Les meilleurs vœux de Trump pour Johnson sont venus peu de temps après la confirmation officielle de sa victoire électorale.

Vendredi matin, tôt dans la matinée, les conservateurs avaient renvoyé suffisamment de députés (MP) pour assurer une majorité globale au gouvernement.

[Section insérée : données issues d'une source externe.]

(* Let $(R,\mathfrak m)$ be a Noetherian local ring and $\mathfrak a_\bullet=(\mathfrak a_m)_{m\ge0}$ a graded sequence of $\mathfrak m$-primary ideals ($\mathfrak a_0=R$, $\mathfrak a_m\supseteq\mathfrak a_{m+1}$, $\mathfrak a_m\mathfrak a_{m'}\subseteq\mathfrak a_{m+m'}$). Assume that the linear topology on $R$ defined by $\mathfrak a_1\supset\mathfrak a_2\supset\cdots$ coincides with the $\mathfrak m$-adic topology, and that $\bigoplus_{m\ge0}\mathfrak a_m/\mathfrak a_{m+1}$ is a finitely generated $R/\mathfrak a_1$-algebra. Then $\bigoplus_{m\ge0}\mathfrak a_m$ is a finitely generated $R$-algebra. *)

theory Defs
  imports "HOL-Algebra.Algebra" "HOL-Algebra.Ideal_Product"
begin

definition local_ring_with :: "('a, 'b) ring_scheme \<Rightarrow> 'a set \<Rightarrow> bool" where
  "local_ring_with R m \<longleftrightarrow> cring R \<and> maximalideal m R \<and> (\<forall>J. maximalideal J R \<longrightarrow> J = m)"

definition radical_of :: "('a, 'b) ring_scheme \<Rightarrow> 'a set \<Rightarrow> 'a set" where
  "radical_of R I = {x \<in> carrier R. \<exists>n::nat. x [^]\<^bsub>R\<^esub> n \<in> I}"

definition primary_ideal :: "('a, 'b) ring_scheme \<Rightarrow> 'a set \<Rightarrow> bool" where
  "primary_ideal R q \<longleftrightarrow> ideal q R \<and> q \<noteq> carrier R \<and>
     (\<forall>x\<in>carrier R. \<forall>y\<in>carrier R. x \<otimes>\<^bsub>R\<^esub> y \<in> q \<longrightarrow> x \<in> q \<or> y \<in> radical_of R q)"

En effet, le parti de centre droit a dépassé le seuil de 326 sièges requis, certaines circonscriptions restant à déclarer.

On s'attend à ce que le Parti conservateur de centre-droit revienne à Downing Street avec une majorité absolue de 74 sièges à la Chambre des communes, selon une version mise à jour du sondage de sortie.

Le résultat est largement considéré comme accélérant le départ de la Grande-Bretagne de l'Union européenne, plus de trois ans et demi après qu'une petite mais claire majorité de l'électorat britannique ait voté pour quitter le bloc.

L'ancien maire de Londres avait encouragé à plusieurs reprises les électeurs à réélire les conservateurs afin de «faire aboutir le Brexit», promettant que seul son parti serait en mesure de délivrer son soi-disant accord de divorce «prêt au four» pour sortir le pays de la bloc avant le 31 janvier.

Contrairement à sa prédécesseure Theresa May en juin 2017, Johnson a maintenant un mandat relativement fort pour tenter de mettre un terme à la crise constitutionnelle de longue date du Royaume-Uni.